→ TASK TO COMPLETE: Go through the entries below. Copy out every line that contains "list".

→ AVAILABLE DATA:
(* Let $(\mathcal M,X,\bot)$ be a concurrent system with characteristic root $r$, and let $\rho$ be the spectral radius of its ADSC. Then $r=1/\rho$ if $\rho\neq0$, and $r=+\infty$ if $\rho=0$.
   Context: A trace monoid $\mathcal M=\mathcal M(\Sigma,I)$ is $\langle\Sigma\mid ab=ba\ ((a,b)\in I)\rangle$, $\Sigma$ finite, $I$ irreflexive symmetric; $|x|$ is length. A clique is a trace of pairwise distinct letters pairwise in $I$; $\mathfrak C$ is the set of nonempty cliques; for $c,c'\in\mathfrak C$, $c\to c'$ means every letter of $c'$ is in relation $(\Sigma\times\Sigma)\setminus I$ with some letter of $c$. A concurrent system $(\mathcal M,X,\bot)$: $X$ finite, $\bot\notin X$, right action of $\mathcal M$ on $X\cup\{\bot\}$ with $\bot\cdot x=\bot$. The characteristic root $r\in(0,+\infty]$ is the minimum over $\alpha,\beta\in X$ of the radius of convergence of $\sum_n\#\{x:|x|=n,\ \alpha\cdot x=\beta\}z^n$. $\mathfrak C_\alpha=\{c\in\mathfrak C:\alpha\cdot c\ne\bot\}$. DSC: nodes $(\alpha,c)$, $c\in\mathfrak C_\alpha$, arc $(\alpha,c)\to(\beta,d)$ iff $\beta=\alpha\cdot c$ and $c\to d$. ADSC: nodes $(\alpha,c,i)$ with $(\alpha,c)$ a DSC node and $1\le i\le|c|$; arcs $(\alpha,c,i)\to(\alpha,c,i+1)$, and $(\alpha,c,|c|)\to(\beta,d,1)$ whenever $(\alpha,c)\to(\beta,d)$ in DSC. The spectral radius of a digraph is the spectral radius of its $\{0,1\}$ adjacency matrix. *)

theory Defs
  imports "HOL-Analysis.Analysis" "Jordan_Normal_Form.Spectral_Radius"
begin

text \<open>The trace monoid M(Sg, I) is represented by words over Sg modulo the
  congruence generated by ab = ba for (a,b) in I, i.e. the reflexive transitive
  closure of swapping two adjacent independent letters.\<close>

definition trace_swap :: "('a \<times> 'a) set \<Rightarrow> ('a list \<times> 'a list) set" where
  "trace_swap I = {(u @ [a, b] @ v, u @ [b, a] @ v) | u v a b. (a, b) \<in> I}"

definition trace_eq :: "('a \<times> 'a) set \<Rightarrow> ('a list \<times> 'a list) set" where
  "trace_eq I = (trace_swap I)\<^sup>*"

definition trace_monoid_data :: "'a set \<Rightarrow> ('a \<times> 'a) set \<Rightarrow> bool" where
  "trace_monoid_data Sg I \<longleftrightarrow> finite Sg \<and> I \<subseteq> Sg \<times> Sg \<and> irrefl I \<and> sym I"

→ ANSWER SPACE:
definition trace_swap :: "('a \<times> 'a) set \<Rightarrow> ('a list \<times> 'a list) set" where
definition trace_eq :: "('a \<times> 'a) set \<Rightarrow> ('a list \<times> 'a list) set" where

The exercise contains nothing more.